[Source data]
(* Consider the event-triggered closed-loop system described in the context, with the triggering condition $\Phi(t)=\varphi(\xi(t),\varepsilon(t))-k_1\phi_1(t)-k_2\phi_2(t)=0$ and with the initial values of $\phi_1,\phi_2$ satisfying: $\sum_k r_k\le\theta_2$, $\sum_k\hat r_k\le\theta_3$ for some finite $\theta_2,\theta_3>0$, $s_k\ge\bar\delta$ and $\hat s_k=\delta_k(\hat t_k)$. Then $\phi_1(t)\ge 0$ and $\phi_2(t)\ge 0$ for all $t\ge t_0$. More precisely, $\phi_2(t)\ge\bar\delta$ for $t\in[t_k,\hat t_k)$ and $\phi_2(t)=\delta_k(t)$ for $t\in[\hat t_k,t_{k+1})$.
   Context: Plant: $\dot\xi=f(\xi,d)+g(\xi)u$, $z=h(\xi,d)$, with state $\xi\in\mathbb{R}^n$, input $u\in\mathbb{R}^m$, disturbance $d(t)\in\mathbb{R}^q$, output $z\in\mathbb{R}^s$; $f,g,h$ locally Lipschitz, $f(0,0)=0$, $h(0,0)=0$. A locally Lipschitz state feedback $\gamma:\mathbb{R}^n\to\mathbb{R}^m$ is implemented in an event-triggered way: there is an increasing sequence of sampling times $t_0<t_1<\dots$ (indexed by $k\in\mathbb{K}=\{0,1,\dots,K\}$, with $t_{K+1}=\infty$ if $K$ is finite), $u(t)=\gamma(\xi(t_k))$ for $t\in[t_k,t_{k+1})$, and the sampling error is $\varepsilon(t)=\xi(t_k)-\xi(t)$ for $t\in[t_k,t_{k+1})$. Hence $\dot\xi=f(\xi,d)+g(\xi)\gamma(\xi+\varepsilon)$, and $t_{k+1}=\inf\{t>t_k:\Phi(t^-)=0\}$. Here $k_1,k_2>0$, $p\in[1,\infty)$, $\sigma<1$, $\lambda>0$, $c_1,c_2>0$, $V_c$ is a differentiable function, and $\varphi(r,s)=-c_1\sigma\|r\|^p+c_2\|s\|^p+\lambda\nabla V_c(r)\cdot g(r)(\gamma(r+s)-\gamma(r))$. The dynamic variables satisfy, on each $[t_k,t_{k+1})$: $\dot\phi_1=-\alpha_1(\phi_1)+k_2\phi_2-\varphi(\xi,\varepsilon)$ and $\dot\phi_2=-\alpha_2(\phi_2)+\bar\varphi(t)$, where $\alpha_1,\alpha_2$ are class-$\mathcal{K}_\infty$ functions, $\bar\varphi(t)=\alpha_2(\bar\delta)$ for $t\in[t_k,\hat t_k)$ and $\bar\varphi(t)=\dot\delta_k(t)+\alpha_2(\delta_k(t))$ for $t\in[\hat t_k,t_{k+1})$. Here $\bar\delta>0$ is a constant, $\hat t_k=t_k+\hat\tau$ for a constant $\hat\tau>0$, and each $\delta_k$ is a positive, bounded, piecewise differentiable function on $[\hat t_k,t_{k+1})$ with $\sum_k\int_{\hat t_k}^{t_{k+1}}\delta_k(\tau)\,d\tau\le\theta_1$ for some $\theta_1>0$. The variables are (re)initialized as $\phi_1(t_k)=r_k$, $\phi_1(\hat t_k)=\hat r_k$, $\phi_2(t_k)=s_k$, $\phi_2(\hat t_k)=\hat s_k$ with $r_k,\hat r_k,s_k,\hat s_k\ge 0$. *)

theory Defs
  imports "HOL-Analysis.Analysis" "HOL-Library.Extended_Nat"
begin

◆ **What the exercise asks**:
Nothing in the data may differ; print all of it exactly as written.

◆ **Response area**:
(* Consider the event-triggered closed-loop system described in the context, with the triggering condition $\Phi(t)=\varphi(\xi(t),\varepsilon(t))-k_1\phi_1(t)-k_2\phi_2(t)=0$ and with the initial values of $\phi_1,\phi_2$ satisfying: $\sum_k r_k\le\theta_2$, $\sum_k\hat r_k\le\theta_3$ for some finite $\theta_2,\theta_3>0$, $s_k\ge\bar\delta$ and $\hat s_k=\delta_k(\hat t_k)$. Then $\phi_1(t)\ge 0$ and $\phi_2(t)\ge 0$ for all $t\ge t_0$. More precisely, $\phi_2(t)\ge\bar\delta$ for $t\in[t_k,\hat t_k)$ and $\phi_2(t)=\delta_k(t)$ for $t\in[\hat t_k,t_{k+1})$.
   Context: Plant: $\dot\xi=f(\xi,d)+g(\xi)u$, $z=h(\xi,d)$, with state $\xi\in\mathbb{R}^n$, input $u\in\mathbb{R}^m$, disturbance $d(t)\in\mathbb{R}^q$, output $z\in\mathbb{R}^s$; $f,g,h$ locally Lipschitz, $f(0,0)=0$, $h(0,0)=0$. A locally Lipschitz state feedback $\gamma:\mathbb{R}^n\to\mathbb{R}^m$ is implemented in an event-triggered way: there is an increasing sequence of sampling times $t_0<t_1<\dots$ (indexed by $k\in\mathbb{K}=\{0,1,\dots,K\}$, with $t_{K+1}=\infty$ if $K$ is finite), $u(t)=\gamma(\xi(t_k))$ for $t\in[t_k,t_{k+1})$, and the sampling error is $\varepsilon(t)=\xi(t_k)-\xi(t)$ for $t\in[t_k,t_{k+1})$. Hence $\dot\xi=f(\xi,d)+g(\xi)\gamma(\xi+\varepsilon)$, and $t_{k+1}=\inf\{t>t_k:\Phi(t^-)=0\}$. Here $k_1,k_2>0$, $p\in[1,\infty)$, $\sigma<1$, $\lambda>0$, $c_1,c_2>0$, $V_c$ is a differentiable function, and $\varphi(r,s)=-c_1\sigma\|r\|^p+c_2\|s\|^p+\lambda\nabla V_c(r)\cdot g(r)(\gamma(r+s)-\gamma(r))$. The dynamic variables satisfy, on each $[t_k,t_{k+1})$: $\dot\phi_1=-\alpha_1(\phi_1)+k_2\phi_2-\varphi(\xi,\varepsilon)$ and $\dot\phi_2=-\alpha_2(\phi_2)+\bar\varphi(t)$, where $\alpha_1,\alpha_2$ are class-$\mathcal{K}_\infty$ functions, $\bar\varphi(t)=\alpha_2(\bar\delta)$ for $t\in[t_k,\hat t_k)$ and $\bar\varphi(t)=\dot\delta_k(t)+\alpha_2(\delta_k(t))$ for $t\in[\hat t_k,t_{k+1})$. Here $\bar\delta>0$ is a constant, $\hat t_k=t_k+\hat\tau$ for a constant $\hat\tau>0$, and each $\delta_k$ is a positive, bounded, piecewise differentiable function on $[\hat t_k,t_{k+1})$ with $\sum_k\int_{\hat t_k}^{t_{k+1}}\delta_k(\tau)\,d\tau\le\theta_1$ for some $\theta_1>0$. The variables are (re)initialized as $\phi_1(t_k)=r_k$, $\phi_1(\hat t_k)=\hat r_k$, $\phi_2(t_k)=s_k$, $\phi_2(\hat t_k)=\hat s_k$ with $r_k,\hat r_k,s_k,\hat s_k\ge 0$. *)

theory Defs
  imports "HOL-Analysis.Analysis" "HOL-Library.Extended_Nat"
begin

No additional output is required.